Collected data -
- - -
(* Let $(\eta_k)_{k\in\mathbb{N}}$ be independent identically distributed random variables with values in $\mathbb{N}$, $P(\eta_k=m)=p_m$ ($p_m\ge0$, $\sum_m p_m=1$), and let $$\eta=\sum_{k=1}^\infty\frac{(-1)^{k-1}}{\eta_1(\eta_1+\eta_2)\cdots(\eta_1+\eta_2+\dots+\eta_k)}.$$ Then the distribution $\mu_\eta$ of $\eta$ is invariant and ergodic with respect to the shift $T$.
   Context: Every irrational $x\in(0,1)$ has a unique representation ($\bar O^1$-expansion) $$x=\sum_{k=1}^\infty\frac{(-1)^{k-1}}{g_1(g_1+g_2)\cdots(g_1+g_2+\dots+g_k)}=:\bar O^1(g_1,g_2,\dots),\qquad g_k\in\mathbb{N},$$ and every infinite sequence of positive integers yields an irrational number in $(0,1)$ this way; so $\eta=\bar O^1(\eta_1,\eta_2,\dots)$. The shift $T$ is defined on irrationals of $(0,1)$ by $T(\bar O^1(g_1,g_2,g_3,\dots))=\bar O^1(g_2,g_3,\dots)$. A measure $\mu$ is $T$-invariant if $\mu(T^{-1}E)=\mu(E)$ for every Borel set $E$; it is $T$-ergodic if every Borel set $A$ with $T^{-1}A=A$ has $\mu(A)\in\{0,1\}$. *)

theory Defs
  imports "HOL-Probability.Probability"
begin

text \<open>The alternating Ostrogradsky-type series; digits indexed from 0:
  obar g = sum_{k>=0} (-1)^k / (g0 (g0+g1) ... (g0+...+gk)).\<close>
definition obar :: "(nat \<Rightarrow> nat) \<Rightarrow> real" where
  "obar g = (\<Sum>k. (-1)^k / (\<Prod>j\<le>k. real (\<Sum>i\<le>j. g i)))"

definition irr01 :: "real set" where
  "irr01 = {x. 0 < x \<and> x < 1 \<and> x \<notin> \<rat>}"

definition odigits :: "real \<Rightarrow> nat \<Rightarrow> nat" where
  "odigits x = (THE g. (\<forall>k. 1 \<le> g k) \<and> obar g = x)"

definition oshift :: "real \<Rightarrow> real" where
  "oshift x = obar (\<lambda>k. odigits x (Suc k))"

end

theory Submission
  imports Defs
begin

text \<open>The digits of an irrational x in (0,1) are recovered from x by a greedy algorithm, so obar is
  a measurable bijection from positive digit sequences onto the irrationals of (0,1) that conjugates
  the shift of sequences to T. Hence mu_eta is the image of the i.i.d. product measure under obar;
  invariance of the product measure under the coordinate shift gives T-invariance, and the preimage
  of a T-invariant set is an event depending only on eta_n, eta_(n+1), ... for every n, i.e. a tail
  event, which has probability 0 or 1 by Kolmogorov's 0-1 law.\<close>

text \<open>oseries s g is obar g with the first digit increased by s; the offset is what makes the
  tails of the series expressible again as such series (oseries_rec).\<close>

definition oterm :: "nat \<Rightarrow> (nat \<Rightarrow> nat) \<Rightarrow> nat \<Rightarrow> real" where
  "oterm s g k = 1 / (\<Prod>j\<le>k. real (s + (\<Sum>i\<le>j. g i)))"

definition oseries :: "nat \<Rightarrow> (nat \<Rightarrow> nat) \<Rightarrow> real" where
  "oseries s g = (\<Sum>k. (-1)^k * oterm s g k)"

lemma obar_eq_oseries: "obar g = oseries 0 g"
  by (simp add: obar_def oseries_def oterm_def)

lemma psum_ge_Suc:
  assumes "\<forall>i. 1 \<le> g i" shows "Suc j \<le> s + (\<Sum>i\<le>j. g i)"
proof -
  have "(\<Sum>i\<le>j. (1::nat)) \<le> (\<Sum>i\<le>j. g i)" by (rule sum_mono) (use assms in auto)
  then show ?thesis by simp
qed

lemma oterm_denominator_ge:
  assumes "\<forall>i. 1 \<le> g i" shows "real (Suc k) \<le> (\<Prod>j\<le>k. real (s + (\<Sum>i\<le>j. g i)))"
proof (induction k)
  case 0 then show ?case using psum_ge_Suc[OF assms, of 0 s] by simp
next
  case (Suc k)
  have "real (Suc (Suc k)) \<le> real (s + (\<Sum>i\<le>Suc k. g i))"
    using psum_ge_Suc[OF assms, of "Suc k" s] by (simp only: of_nat_le_iff)
  also have "\<dots> = 1 * real (s + (\<Sum>i\<le>Suc k. g i))" by simp
  also have "\<dots> \<le> (\<Prod>j\<le>k. real (s + (\<Sum>i\<le>j. g i))) * real (s + (\<Sum>i\<le>Suc k. g i))"
    using Suc by (intro mult_right_mono) (auto simp: sum_nonneg)
  finally show ?case by (simp add: mult.commute)
qed
(* Rotations form a one-parameter group generated by the quarter turn e3wedge
   (Euler form R_a = cos a + sin a J with J = e3wedge, J^2 = -1), so the derivative of a
   rotated moving vector R_a(t) w(t) is R_a w' + a' J (R_a w).  From this a single
   transport lemma shows that the error yh - R_a y between an estimated quantity and
   its rotated true value obeys a differential equation in which the true velocity
   has cancelled; it is applied to the vehicle position (where R_a maps the true
   velocity direction onto the estimated one) and to each fixed landmark, with
   a = thh - th.  The innovation is the output map C applied to the error, so the
   error equation is autonomous (inv_error_dynamics).  Finally the error field is
   split as gain_map o C plus L_theta o C times an infinitesimal rotation, a term
   quadratic at 0, whence its linearisation at 0 is L o C. *)

lemma vec2_eqI: "(a::real^2)$1 = b$1 \<Longrightarrow> a$2 = b$2 \<Longrightarrow> a = b"
  by (simp add: vec_eq_iff forall_2)

lemma linear_rot: "linear (rot a)"
  by (rule linearI; rule vec2_eqI) (simp_all add: rot_def algebra_simps)

lemma linear_e3wedge: "linear e3wedge"
  by (rule linearI; rule vec2_eqI) (simp_all add: e3wedge_def)

lemma bounded_linear_e3wedge: "bounded_linear e3wedge"
  using linear_e3wedge by (simp add: linear_conv_bounded_linear)

lemmas rot_linear_simps =
  linear_diff[OF linear_rot] linear_add[OF linear_rot] linear_scale[OF linear_rot]
  linear_0[OF linear_rot]
lemmas e3wedge_linear_simps =
  linear_diff[OF linear_e3wedge] linear_add[OF linear_e3wedge] linear_scale[OF linear_e3wedge]
  linear_0[OF linear_e3wedge]

lemma rot_rot: "rot a (rot b w) = rot (a + b) w"
  by (rule vec2_eqI) (simp_all add: rot_def cos_add sin_add algebra_simps)

lemma rot_zero: "rot 0 w = w"
  by (rule vec2_eqI) (simp_all add: rot_def)

lemma rot_euler: "rot a w = cos a *\<^sub>R w + sin a *\<^sub>R e3wedge w"
  by (rule vec2_eqI) (simp_all add: rot_def e3wedge_def algebra_simps)

lemma e3wedge_e3wedge: "e3wedge (e3wedge w) = - w"
  by (rule vec2_eqI) (simp_all add: e3wedge_def)

lemma has_vector_derivative_rot:
  assumes a: "(a has_real_derivative a') (at t)"
    and w: "(w has_vector_derivative w') (at t)"
  shows "((\<lambda>t. rot (a t) (w t)) has_vector_derivative
           rot (a t) w' + a' *\<^sub>R e3wedge (rot (a t) (w t))) (at t)"
proof -
  have Jw: "((\<lambda>t. e3wedge (w t)) has_vector_derivative e3wedge w') (at t)"
    by (rule bounded_linear.has_vector_derivative[OF bounded_linear_e3wedge w])
  have cos: "((\<lambda>t. cos (a t)) has_real_derivative - sin (a t) * a') (at t)"
    and sin: "((\<lambda>t. sin (a t)) has_real_derivative cos (a t) * a') (at t)"
    by (rule DERIV_fun_cos[OF a], rule DERIV_fun_sin[OF a])
  have euler: "((\<lambda>t. cos (a t) *\<^sub>R w t + sin (a t) *\<^sub>R e3wedge (w t)) has_vector_derivative
          cos (a t) *\<^sub>R w' + (- sin (a t) * a') *\<^sub>R w t
          + (sin (a t) *\<^sub>R e3wedge w' + (cos (a t) * a') *\<^sub>R e3wedge (w t))) (at t)"
    by (intro has_vector_derivative_add has_vector_derivative_scaleR w Jw cos sin)
  have regroup: "cos (a t) *\<^sub>R w' + (- sin (a t) * a') *\<^sub>R w t
          + (sin (a t) *\<^sub>R e3wedge w' + (cos (a t) * a') *\<^sub>R e3wedge (w t))
        = rot (a t) w' + a' *\<^sub>R e3wedge (rot (a t) (w t))"
    by (simp add: rot_euler e3wedge_linear_simps e3wedge_e3wedge algebra_simps)
  have "(\<lambda>t. rot (a t) (w t)) = (\<lambda>t. cos (a t) *\<^sub>R w t + sin (a t) *\<^sub>R e3wedge (w t))"
    by (simp add: rot_euler)
  then show ?thesis
    using euler[unfolded regroup] by simp
qed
- - -
WORK TO BE COMPLETED -
The exercise is to copy out every line above that has the word "imports" in it.

OUTPUT FOR THIS TASK -
  imports "HOL-Probability.Probability"
  imports Defs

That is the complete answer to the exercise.